Abelenkpe is an urban area in the Accra Metropolitan district, a district of the Greater Accra Region of Ghana. Abelenkpe is located in the northern part of the Accra Metropolitan District in the Greater Accra Region.

Abelemkpe is located approximately 6 km north of the city centre and is divided into two main sections: Old Abelemkpe and New Abelemkpe. The area is also referred to as the “Abelemkpe Forest” due to its extensive tree cover.

== The New Abelempke ==
New Abelemkpe is predominantly inhabited by academics, affluent residents and expatriates. Housing in this section largely consists of modern low-rise apartment blocks accompanied by small outbuildings commonly known as “boys’ quarters” which typically feature two bedrooms but lack kitchen facilities. In addition, the area contains fully furnished executive houses, some of which rent for up to US$700 per month.

== The Old Abelempke ==
Old Abelemkpe, by contrast, is home to a predominantly middle- and lower-income population residing in compound houses large buildings divided into single- or two-room units occupied by multiple families. These homes generally lack internal kitchens, though small enclosed outdoor spaces are often used for cooking, and bathrooms are communal. Many of these older structures are undergoing gradual renovation to align with contemporary housing standards.

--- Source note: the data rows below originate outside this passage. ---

lemma card_le_neighbours_Diff_tight:
  assumes B: "finite B" and A: "finite A" and S: "S \<subseteq> A"
    and hall: "\<And>S'. S' \<subseteq> A \<Longrightarrow> card S' \<le> card {b\<in>B. \<exists>a\<in>S'. R a b}"
    and tight: "card {b\<in>B. \<exists>a\<in>S. R a b} \<le> card S"
    and T: "T \<subseteq> A - S"
  shows "card T \<le> card {b \<in> B - {b\<in>B. \<exists>a\<in>S. R a b}. \<exists>a\<in>T. R a b}"
proof -
  let ?N = "\<lambda>B S. {b\<in>B. \<exists>a\<in>S. R a b}"
  have "card T + card S = card (T \<union> S)"
    by (rule card_Un_disjoint[symmetric]) (use T S A in \<open>auto intro: finite_subset\<close>)
  also have "\<dots> \<le> card (?N B (T \<union> S))"
    using T S by (intro hall) auto
  also have "\<dots> \<le> card (?N (B - ?N B S) T \<union> ?N B S)"
    using B by (intro card_mono) auto
  also have "\<dots> \<le> card (?N (B - ?N B S) T) + card (?N B S)"
    by (rule card_Un_le)
  finally show ?thesis
    using tight by linarith
qed

lemma card_le_neighbours_Diff_edge:
  assumes B: "finite B" and a: "a \<in> A"
    and surplus: "\<And>S. S \<noteq> {} \<Longrightarrow> S \<subset> A \<Longrightarrow> card S < card {b\<in>B. \<exists>a\<in>S. R a b}"
    and T: "T \<subseteq> A - {a}"
  shows "card T \<le> card {b' \<in> B - {b}. \<exists>a\<in>T. R a b'}"
proof (cases "T = {}")
  case False
  moreover have "T \<subset> A"
    using T a by blast
  ultimately have "card T < card {b\<in>B. \<exists>a\<in>T. R a b}"
    by (rule surplus)
  moreover have "card {b\<in>B. \<exists>a\<in>T. R a b} - card {b} \<le> card {b' \<in> B - {b}. \<exists>a\<in>T. R a b'}"
    using diff_card_le_card_Diff[of "{b}" "{b\<in>B. \<exists>a\<in>T. R a b}"] by (simp add: set_diff_eq conj_ac)
  ultimately show ?thesis
    by simp
qed simp

text \<open>Either some nonempty proper \<open>S \<subset> A\<close> is tight, and then \<open>S\<close> is matched into its
  neighbourhood and \<open>A - S\<close> outside of it; or every such \<open>S\<close> has a surplus neighbour, and
  any single edge can start the matching.\<close>
theorem Hall_marriage:
  fixes R :: "'a \<Rightarrow> 'b \<Rightarrow> bool"
  assumes "finite A" and "finite B"
    and "\<And>S. S \<subseteq> A \<Longrightarrow> card S \<le> card {b\<in>B. \<exists>a\<in>S. R a b}"
  shows "\<exists>f. inj_on f A \<and> (\<forall>a\<in>A. f a \<in> B \<and> R a (f a))"
  using assms
proof (induction "card A" arbitrary: A B rule: less_induct)
  case less
  let ?N = "\<lambda>B S. {b\<in>B. \<exists>a\<in>S. R a b}"
  show ?case
  proof (cases "\<exists>S. S \<noteq> {} \<and> S \<subset> A \<and> card (?N B S) \<le> card S")
    case True
    then obtain S where S: "S \<noteq> {}" "S \<subset> A" "card (?N B S) \<le> card S" by blast
    have "\<exists>f. inj_on f S \<and> (\<forall>a\<in>S. f a \<in> B \<and> R a (f a))"
    proof (rule less.hyps[OF _ _ less.prems(2)])
      show "card S < card A" "finite S"
        using less.prems(1) S(2) by (auto intro: psubset_card_mono finite_subset)
      show "card S' \<le> card (?N B S')" if "S' \<subseteq> S" for S'
        using that S(2) by (intro less.prems(3)) auto
    qed
    then obtain f where f: "inj_on f S" "\<forall>a\<in>S. f a \<in> ?N B S \<and> R a (f a)"
      by blast
    have "\<exists>g. inj_on g (A - S) \<and> (\<forall>a\<in>A - S. g a \<in> B - ?N B S \<and> R a (g a))"
    proof (rule less.hyps)
      show "card (A - S) < card A"
        by (rule psubset_card_mono[OF less.prems(1)]) (use S(1,2) in blast)
      show "finite (A - S)" "finite (B - ?N B S)"
        using less.prems(1,2) by auto
      show "card T \<le> card (?N (B - ?N B S) T)" if "T \<subseteq> A - S" for T
        using less.prems(2,1) psubset_imp_subset[OF S(2)] less.prems(3) S(3) that
        by (rule card_le_neighbours_Diff_tight)
    qed
    then obtain g where g: "inj_on g (A - S)" "\<forall>a\<in>A - S. g a \<in> B - ?N B S \<and> R a (g a)"
      by blast
    have "S \<union> (A - S) = A" using S(2) by blast
    then show ?thesis
      using matching_Un[OF f g] by auto
  next
    case no_tight_set: False
    show ?thesis
    proof (cases "A = {}")
      case False
      then obtain a where a: "a \<in> A" by blast
      then have "?N B {a} \<noteq> {}"
        using less.prems(3)[of "{a}"] by (auto simp: Suc_le_eq card_gt_0_iff)
      then obtain b where b: "b \<in> B" "R a b" by blast
      have "\<exists>g. inj_on g (A - {a}) \<and> (\<forall>a'\<in>A - {a}. g a' \<in> B - {b} \<and> R a' (g a'))"
      proof (rule less.hyps)
        show "card (A - {a}) < card A"
          by (rule psubset_card_mono[OF less.prems(1)]) (use a in blast)
        show "card T \<le> card (?N (B - {b}) T)" if "T \<subseteq> A - {a}" for T
        proof (rule card_le_neighbours_Diff_edge[OF less.prems(2) a _ that])
          show "card S < card (?N B S)" if "S \<noteq> {}" "S \<subset> A" for S
            using no_tight_set that not_le by blast
        qed
      qed (use less.prems(1,2) in auto)
      then obtain g where g: "inj_on g (A - {a})" "\<forall>a'\<in>A - {a}. g a' \<in> B - {b} \<and> R a' (g a')"
        by blast
      have "\<exists>h. inj_on h ({a} \<union> (A - {a}))
          \<and> (\<forall>a'\<in>{a} \<union> (A - {a}). h a' \<in> {b} \<union> (B - {b}) \<and> R a' (h a'))"
        by (rule matching_Un[where f="\<lambda>_. b"]) (use b g in auto)
      moreover have "{a} \<union> (A - {a}) = A" "{b} \<union> (B - {b}) = B"
        using a b by auto
      ultimately show ?thesis by (simp only:)
    qed simp
  qed
qed
lemma brk_supp_set_subset:
  fixes J :: "('n::finite, 'k::field) dpoly set"
  assumes "\<sigma> 1 = 1" "sigma_ideal \<sigma> J"
  shows "brk (supp_set J) \<subseteq> supp_set J"
proof
  fix x assume "x \<in> brk (supp_set J)"
  then obtain g u t where x: "x = (\<lambda>i. g * u i + t i)" and u: "u \<in> supp_set J" and g: "g \<noteq> 0"
    unfolding brk_def by blast
  let ?k = "degree g"
  have "Poly_Mapping.single ((shift_mono ^^ k) (mono_of u)) 1 \<in> J" for k
    using u assms(2)
    by (induction k) (simp_all add: supp_set_def sigma_ideal_def flip: sigmaR_monomial[of \<sigma>, OF assms(1)])
  moreover have "Poly_Mapping.lookup ((shift_mono ^^ ?k) (mono_of u)) q \<le> Poly_Mapping.lookup (mono_of x) q"
    for q
  proof (cases q)
    case (Pair i j)
    show ?thesis
    proof (cases "?k \<le> j")
    case True
    have "coeff g ?k \<ge> 1"
      using leading_coeff_neq_0[OF g] by linarith
    then have "coeff (u i) (j - ?k) \<le> coeff g ?k * coeff (u i) (j - ?k)"
      by simp
    also have "\<dots> \<le> (\<Sum>l\<le>j. coeff g l * coeff (u i) (j - l))"
      by (rule member_le_sum) (use True in auto)
    also have "\<dots> \<le> coeff (x i) j"
      by (simp add: x coeff_mult)
      finally show ?thesis
        using True by (simp add: Pair lookup_shift_mono_funpow lookup_mono_of)
    qed (simp add: Pair lookup_shift_mono_funpow)
  qed
  ultimately have "Poly_Mapping.single (mono_of x) 1 \<in> J"
    using assms(2) unfolding sigma_ideal_def by (blast intro: ideal_monomial_le)
  then show "x \<in> supp_set J"
    by (simp add: supp_set_def)
qed

lemma nprime_supp_set_subset:
  fixes J :: "('n::finite, 'k::field) dpoly set"
  assumes "\<sigma> 1 = 1" "well_mixed \<sigma> J"
  shows "nprime (supp_set J) \<subseteq> supp_set J"
proof
  fix x assume "x \<in> nprime (supp_set J)"
  then obtain u v where x: "x = (\<lambda>i. u i + [:0, 1:] * v i)" and uv: "(\<lambda>i. u i + v i) \<in> supp_set J"
    unfolding nprime_def by blast
  have "Poly_Mapping.single (mono_of u) 1 * Poly_Mapping.single (mono_of v) 1 \<in> J"
    using uv by (simp add: supp_set_def mono_of_add mult_single)
  then have "Poly_Mapping.single (mono_of u) 1 * sigmaR \<sigma> (Poly_Mapping.single (mono_of v) 1) \<in> J"
    using assms(2) unfolding well_mixed_def by blast
  moreover have "mono_of x = mono_of u + shift_mono (mono_of v)"
    unfolding x by (rule mono_of_add_xmult)
  ultimately show "x \<in> supp_set J"
    by (simp add: supp_set_def sigmaR_monomial[of \<sigma>, OF assms(1)] mult_single)
qed
lemma self_adjoint_Rayleigh_minimizer:
  fixes f :: "'a::euclidean_space \<Rightarrow> 'a"
  assumes lin: "linear f" and sym: "\<And>x y. inner (f x) y = inner x (f y)"
  obtains mu x where "x \<noteq> 0" "f x = mu *\<^sub>R x" "\<And>y. mu * (norm y)^2 \<le> inner y (f y)"
proof -
  have "continuous_on (sphere 0 1) (\<lambda>y. inner y (f y))"
    using lin by (intro continuous_intros linear_continuous_on) (simp add: linear_linear)
  moreover obtain b :: 'a where "b \<in> Basis"
    using nonempty_Basis by blast
  then have "b \<in> sphere 0 1" by simp
  ultimately obtain x where "x \<in> sphere 0 1"
    and min: "\<And>y. y \<in> sphere 0 1 \<Longrightarrow> inner x (f x) \<le> inner y (f y)"
    using continuous_attains_inf[OF compact_sphere] by blast
  then have x: "norm x = 1" by simp
  define mu where "mu = inner x (f x)"
  have Rayleigh: "mu * (norm y)^2 \<le> inner y (f y)" for y
  proof (cases "y = 0")
    case False
    have "mu \<le> inner ((1/norm y) *\<^sub>R y) (f ((1/norm y) *\<^sub>R y))"
      unfolding mu_def using False by (intro min) simp
    also have "\<dots> = inner y (f y) / (norm y)^2"
      by (simp add: linear_scale[OF lin] power2_eq_square)
    finally show ?thesis using False by (simp add: pos_le_divide_eq)
  qed (simp add: linear_0[OF lin])
  define g where "g y = f y - mu *\<^sub>R y" for y
  have "g x = 0"
  proof (rule self_adjoint_nonneg_form_zero_imp_zero[where g = g])
    show "linear g" unfolding g_def
      by (rule linearI) (simp_all add: linear_add[OF lin] linear_scale[OF lin] algebra_simps)
    show "inner (g y) z = inner y (g z)" for y z
      by (simp add: g_def inner_diff_left inner_diff_right sym)
    show "0 \<le> inner y (g y)" for y
      using Rayleigh[of y] by (simp add: g_def inner_diff_right power2_norm_eq_inner)
    show "inner x (g x) = 0"
      using x by (simp add: g_def mu_def inner_diff_right power2_norm_eq_inner[symmetric])
  qed
  moreover have "x \<noteq> 0" using x by auto
  ultimately show ?thesis
    using that[of x mu] Rayleigh by (simp add: g_def)
qed
(* Let $\mathcal{H}$ be a finite-dimensional Hilbert space, $H_0$ a Hermitian operator with ground energy $E_0$, ground-space projection $P_0$ and $Q_0=I-P_0$, and $V$ a Hermitian operator. Let $G=Q_0(E_0I-H_0)^{-1}Q_0$ (inverse taken on the range of $Q_0$). Let $L\geq 2$ be an integer such that for every $n<L$ and all choices $Z_1,\dots,Z_{n-1}\in\{P_0,Q_0\}\cup\{G^m: m\in\mathbb{N}\}$, one has $P_0VZ_1VZ_2\cdots Z_{n-1}VP_0\in\mathbb{C}P_0$ (equivalently, $P_0\Gamma(n)P_0\subseteq\mathbb{C}P_0$ for all $n<L$, with $\Gamma(n)$ as in the context). Then the Schrieffer–Wolff effective Hamiltonian coefficients satisfy $H_{\mathrm{eff},1}=P_0VP_0\in\mathbb{C}P_0$ and $H_{\mathrm{eff},q}\in\mathbb{C}P_0$ for all $2\le q<L$ (so the effective Hamiltonian $H_{\mathrm{eff}}^{(n)}=E_0P_0+\sum_{q=1}^n\epsilon^qH_{\mathrm{eff},q}$ is proportional to $P_0$ for all $n<L$), and $$H_{\mathrm{eff},L}\in P_0(VG)^{L-1}VP_0+\mathbb{C}P_0,$$ where $(VG)^{L-1}V$ contains $L$ factors of $V$.
   Context: Notation. $\Gamma(n)$ is the linear span of operators $Z_0VZ_1V\cdots Z_{n-1}VZ_n$ with each $Z_j\in\{P_0,Q_0\}\cup\{G^m:m\in\mathbb{N}\}$. Set $V_{\mathrm d}=P_0VP_0+Q_0VQ_0$, $V_{\mathrm{od}}=P_0VQ_0+Q_0VP_0$, $\mathcal{L}(X)=P_0XG-GXP_0$, $\mathrm{ad}_S(X)=[S,X]$. Let $\beta_m$ be the Bernoulli numbers ($\beta_2=1/6$), $a_m=2^m\beta_m/m!$, and $b_{2n-1}=2(2^{2n}-1)\beta_{2n}/(2n)!$ (so $b_1=1/2$). Define recursively $S_1=\mathcal{L}(V_{\mathrm{od}})$, $S_2=-\mathcal{L}(\mathrm{ad}_{V_{\mathrm d}}(S_1))$, and for $n\ge 3$, $S_n=-\mathcal{L}(\mathrm{ad}_{V_{\mathrm d}}(S_{n-1}))+\sum_{j\ge1}a_{2j}\mathcal{L}(\hat S^{2j}(V_{\mathrm{od}})_{n-1})$, where $\hat S^k(V_{\mathrm{od}})_m=\sum_{n_1,\dots,n_k\ge1,\ \sum_r n_r=m}\mathrm{ad}_{S_{n_1}}\cdots\mathrm{ad}_{S_{n_k}}(V_{\mathrm{od}})$ (which is $0$ if $k>m$). The Schrieffer–Wolff effective Hamiltonian expansion is $H_{\mathrm{eff}}^{(n)}=H_0P_0+\epsilon P_0VP_0+\sum_{q=2}^n\epsilon^qH_{\mathrm{eff},q}$ with $H_{\mathrm{eff},1}=P_0VP_0$ and $H_{\mathrm{eff},q}=\sum_{1\le j\le\lfloor q/2\rfloor}b_{2j-1}P_0\hat S^{2j-1}(V_{\mathrm{od}})_{q-1}P_0$ for $q\ge2$. *)

theory Defs
  imports "Jordan_Normal_Form.Schur_Decomposition" "Jordan_Normal_Form.Char_Poly"
begin
lemma eps_subdiff_convex_combination:
  fixes g :: "'a::real_inner \<Rightarrow> ereal"
  assumes convex: "convex_fun g"
    and A: "finite A" "\<And>j. j \<in> A \<Longrightarrow> 0 \<le> a j" "sum a A = 1"
    and finite_val: "\<And>j. j \<in> A \<Longrightarrow> \<bar>g (p j)\<bar> \<noteq> \<infinity>"
    and subgrad: "\<And>j. j \<in> A \<Longrightarrow> s j \<in> eps_subdiff 0 g (p j)"
  defines "pb \<equiv> \<Sum>j\<in>A. a j *\<^sub>R p j"
    and "eps \<equiv> \<Sum>j\<in>A. a j * ((p j - (\<Sum>i\<in>A. a i *\<^sub>R p i)) \<bullet> s j)"
  shows "0 \<le> eps" and "(\<Sum>j\<in>A. a j *\<^sub>R s j) \<in> eps_subdiff eps g pb"
proof -
  have eps: "eps = (\<Sum>j\<in>A. a j * ((p j - pb) \<bullet> s j))"
    by (simp add: eps_def pb_def)
  define G where "G j = real_of_ereal (g (p j))" for j
  have G: "g (p j) = ereal (G j)" if "j \<in> A" for j
    using finite_val[OF that] by (simp add: G_def ereal_real')
  have minorant: "ereal (G j + s j \<bullet> (q - p j)) \<le> g q" if "j \<in> A" for j q
    using subgrad[OF that] G[OF that] by (simp add: eps_subdiff_def)
  have averaged: "ereal ((\<Sum>j\<in>A. a j * G j) + (\<Sum>j\<in>A. a j *\<^sub>R s j) \<bullet> (q - pb) - eps) \<le> g q" for q
  proof (cases "g q")
    case (real Gq)
    have "(\<Sum>j\<in>A. a j * (G j + s j \<bullet> (q - p j))) \<le> (\<Sum>j\<in>A. a j * Gq)"
      using minorant[of _ q] real A(2) by (intro sum_mono mult_left_mono) force+
    then show ?thesis
      using A(3) real by (simp add: sum_affine_minorants_recenter[where r = pb] eps
          sum_distrib_right[symmetric])
  next
    case MInf
    obtain j where "j \<in> A"
      using A(3) by force
    with minorant[of j q] MInf show ?thesis
      by simp
  qed simp
  have jensen: "g pb \<le> ereal (\<Sum>j\<in>A. a j * G j)"
    unfolding pb_def using convex A G by (intro convex_fun_jensen) auto
  show "0 \<le> eps"
    using order_trans[OF averaged[of pb] jensen] by simp
  show "(\<Sum>j\<in>A. a j *\<^sub>R s j) \<in> eps_subdiff eps g pb"
  proof (unfold eps_subdiff_def, intro CollectI allI)
    fix q
    have "g pb + ereal ((\<Sum>j\<in>A. a j *\<^sub>R s j) \<bullet> (q - pb) - eps)
        \<le> ereal (\<Sum>j\<in>A. a j * G j) + ereal ((\<Sum>j\<in>A. a j *\<^sub>R s j) \<bullet> (q - pb) - eps)"
      using jensen by (rule add_right_mono)
    also have "\<dots> \<le> g q"
      using averaged[of q] by (simp add: add_diff_eq)
    finally show "g pb + ereal ((\<Sum>j\<in>A. a j *\<^sub>R s j) \<bullet> (q - pb) - eps) \<le> g q" .
  qed
qed

lemma PMM_step_weight_pos:
  assumes run: "PMM_run f g M C d lam \<rho>bar u v z w \<gamma> \<rho>" and j: "1 \<le> j"
  shows "0 < \<rho> j * \<gamma> j"
proof -
  define a where "a = C (v j) - d + w (j - 1)"
  define b where "b = w (j - 1) - M (u j)"
  have lam: "0 < lam" and "\<rho>bar < 1" "1 - \<rho>bar \<le> \<rho> j"
    and nondegenerate: "norm (M (u j) + C (v j) - d) + norm (M (u j) - w (j - 1)) \<noteq> 0"
    and \<gamma>: "\<gamma> j = (lam * (norm (C (v j) - d + w (j - 1)))\<^sup>2
                     + lam * ((d - C (v j) - M (u j)) \<bullet> (w (j - 1) - M (u j))))
                  / ((norm (M (u j) + C (v j) - d))\<^sup>2 + lam\<^sup>2 * (norm (M (u j) - w (j - 1)))\<^sup>2)"
    using run j unfolding PMM_run_def by blast+
  then have "0 < \<rho> j"
    by linarith
  have ab: "M (u j) + C (v j) - d = a - b" "M (u j) - w (j - 1) = - b" "d - C (v j) - M (u j) = b - a"
    by (simp_all add: a_def b_def algebra_simps)
  have \<gamma>_ab: "\<gamma> j = lam * ((norm a)\<^sup>2 + (b - a) \<bullet> b) / ((norm (a - b))\<^sup>2 + lam\<^sup>2 * (norm b)\<^sup>2)"
    using \<gamma> unfolding ab a_def[symmetric] b_def[symmetric] by (simp add: distrib_left)
  have "a - b \<noteq> 0 \<or> b \<noteq> 0"
    using nondegenerate unfolding ab by auto
  then have "a \<noteq> 0 \<or> b \<noteq> 0"
    by auto
  have "2 * ((norm a)\<^sup>2 + (b - a) \<bullet> b) = (norm a)\<^sup>2 + (norm b)\<^sup>2 + (norm (a - b))\<^sup>2"
    by (simp add: power2_norm_eq_inner inner_commute[of b a] algebra_simps)
  with \<open>a \<noteq> 0 \<or> b \<noteq> 0\<close> have "0 < (norm a)\<^sup>2 + (b - a) \<bullet> b"
    by (smt (verit) zero_less_power2 zero_le_power2 norm_eq_zero)
  moreover have "0 < (norm (a - b))\<^sup>2 + lam\<^sup>2 * (norm b)\<^sup>2"
    using \<open>a - b \<noteq> 0 \<or> b \<noteq> 0\<close> lam by (auto intro: add_pos_nonneg add_nonneg_pos)
  ultimately have "0 < \<gamma> j"
    using lam by (simp add: \<gamma>_ab)
  with \<open>0 < \<rho> j\<close> show ?thesis
    by simp
qed
definition Rset :: "'a::idom fract set" where
  "Rset = range emb"

definition colon :: "'a::idom fract set \<Rightarrow> 'a fract set \<Rightarrow> 'a fract set" where
  "colon A B = {x. \<forall>b\<in>B. x * b \<in> A}"

text \<open>v-operation: I_v = (R : (R : I)).  Since (R : S) = (R : RS), the v-closure of a
  finitely generated ideal J = RF equals vcl F.\<close>
definition vcl :: "'a::idom fract set \<Rightarrow> 'a fract set" where
  "vcl I = colon Rset (colon Rset I)"

text \<open>t-operation: union of J_v over nonzero finitely generated J \<subseteq> I (J = R F, F finite).\<close>
definition tcl :: "'a::idom fract set \<Rightarrow> 'a fract set" where
  "tcl I = \<Union>{vcl F | F. finite F \<and> F \<subseteq> I \<and> F \<noteq> {} \<and> F \<noteq> {0}}"

definition is_ideal :: "'a::idom set \<Rightarrow> bool" where
  "is_ideal I \<longleftrightarrow> 0 \<in> I \<and> (\<forall>x\<in>I. \<forall>y\<in>I. x + y \<in> I) \<and> (\<forall>r x. x \<in> I \<longrightarrow> r * x \<in> I)"

definition is_prime_ideal :: "'a::idom set \<Rightarrow> bool" where
  "is_prime_ideal P \<longleftrightarrow> is_ideal P \<and> P \<noteq> UNIV \<and> (\<forall>a b. a * b \<in> P \<longrightarrow> a \<in> P \<or> b \<in> P)"

definition is_t_ideal :: "'a::idom set \<Rightarrow> bool" where
  "is_t_ideal I \<longleftrightarrow> is_ideal I \<and> I \<noteq> {0} \<and> tcl (emb ` I) = emb ` I"

definition is_t_maximal :: "'a::idom set \<Rightarrow> bool" where
  "is_t_maximal M \<longleftrightarrow> is_t_ideal M \<and> M \<noteq> UNIV \<and>
     (\<forall>N. is_t_ideal N \<and> N \<noteq> UNIV \<and> M \<subseteq> N \<longrightarrow> N = M)"

definition localization :: "'a::idom set \<Rightarrow> 'a fract set" where
  "localization P = {Fract a s | a s. s \<notin> P}"

text \<open>A domain D with quotient field K is a valuation domain iff for all nonzero x in K,
  x \<in> D or x\<inverse> \<in> D.\<close>
definition valuation_subring :: "'a::idom fract set \<Rightarrow> bool" where
  "valuation_subring D \<longleftrightarrow> (\<forall>x. x \<noteq> 0 \<longrightarrow> x \<in> D \<or> inverse x \<in> D)"

definition PvMD :: "'a::idom itself \<Rightarrow> bool" where
  "PvMD _ \<longleftrightarrow> (\<forall>M::'a set. is_t_maximal M \<longrightarrow> valuation_subring (localization M))"

definition radical :: "'a::idom set \<Rightarrow> 'a set" where
  "radical J = {x. \<exists>n. x ^ n \<in> J}"

text \<open>P is the radical of a v-finite divisorial ideal (RF)_v, F a finite subset of R
  generating a nonzero ideal; (RF)_v \<subseteq> R automatically, and is identified with its
  preimage in R.\<close>
definition rad_of_v_finite :: "'a::idom set \<Rightarrow> bool" where
  "rad_of_v_finite P \<longleftrightarrow> (\<exists>F. finite F \<and> F \<noteq> {} \<and> F \<noteq> {0} \<and>
      P = radical (emb -` vcl (emb ` F)))"

definition minimal_primes :: "'a::idom set \<Rightarrow> 'a set set" where
  "minimal_primes I = {P. is_prime_ideal P \<and> I \<subseteq> P \<and>
      (\<forall>Q. is_prime_ideal Q \<and> I \<subseteq> Q \<and> Q \<subseteq> P \<longrightarrow> Q = P)}"

end

theory Submission
  imports Defs
begin

text \<open>
  In a P\<open>v\<close>MD the primes inside a \<open>t\<close>-maximal ideal \<open>M\<close> form a chain, so \<open>M\<close> contains
  exactly one minimal prime \<open>P\<close> of \<open>I\<close>, and every \<open>x \<in> P\<close> has a power with \<open>s x\<^sup>n \<in> I\<close> for
  some \<open>s \<notin> M\<close>. Write each minimal prime \<open>P\<close> as the radical of \<open>(F\<^sub>P)\<^sub>v\<close> with \<open>F\<^sub>P\<close> finite and
  let \<open>B\<^sub>P = {r. r x\<^sup>n \<in> I for all x \<in> F\<^sub>P and some n}\<close>. Then \<open>I\<close> together with all the \<open>B\<^sub>P\<close>
  lies in no \<open>t\<close>-maximal ideal, so some finite subset of it has \<open>v\<close>-closure \<open>R\<close>, and
  finitely many \<open>P\<^sub>1, \<dots>, P\<^sub>k\<close> suffice. A minimal prime \<open>Q\<close> different from all \<open>P\<^sub>i\<close> lies in a
  \<open>t\<close>-maximal ideal \<open>M\<close> containing none of the \<open>F\<^sub>P\<^sub>i\<close>; then \<open>M\<close> contains \<open>I\<close> and every
  \<open>B\<^sub>P\<^sub>i\<close>, which is impossible.
\<close>

lemma emb_mult: "emb (a * b) = emb a * emb b"
  by (simp add: emb_def)

lemma emb_add: "emb (a + b) = emb a + emb b"
  by (simp add: emb_def)

lemma emb_0 [simp]: "emb 0 = 0"
  by (simp add: emb_def fract_collapse)

lemma emb_1 [simp]: "emb 1 = 1"
  by (simp add: emb_def fract_collapse)

lemma emb_eq_iff [simp]: "emb a = emb b \<longleftrightarrow> a = b"
  by (simp add: emb_def eq_fract)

== Fire outbreak at Abelempke ==
A lot of wooden structures serving as warehouses have been destroyed by fierce fire that broke out on Wednesday, September 10, 2025, at Abelemkpe. According to 3news.com on September 11, 2025, the Ghana Fire Service reported that, three fire tenders were dispatched to the scene to prevent the blaze from spreading. They also stated that fire was under control.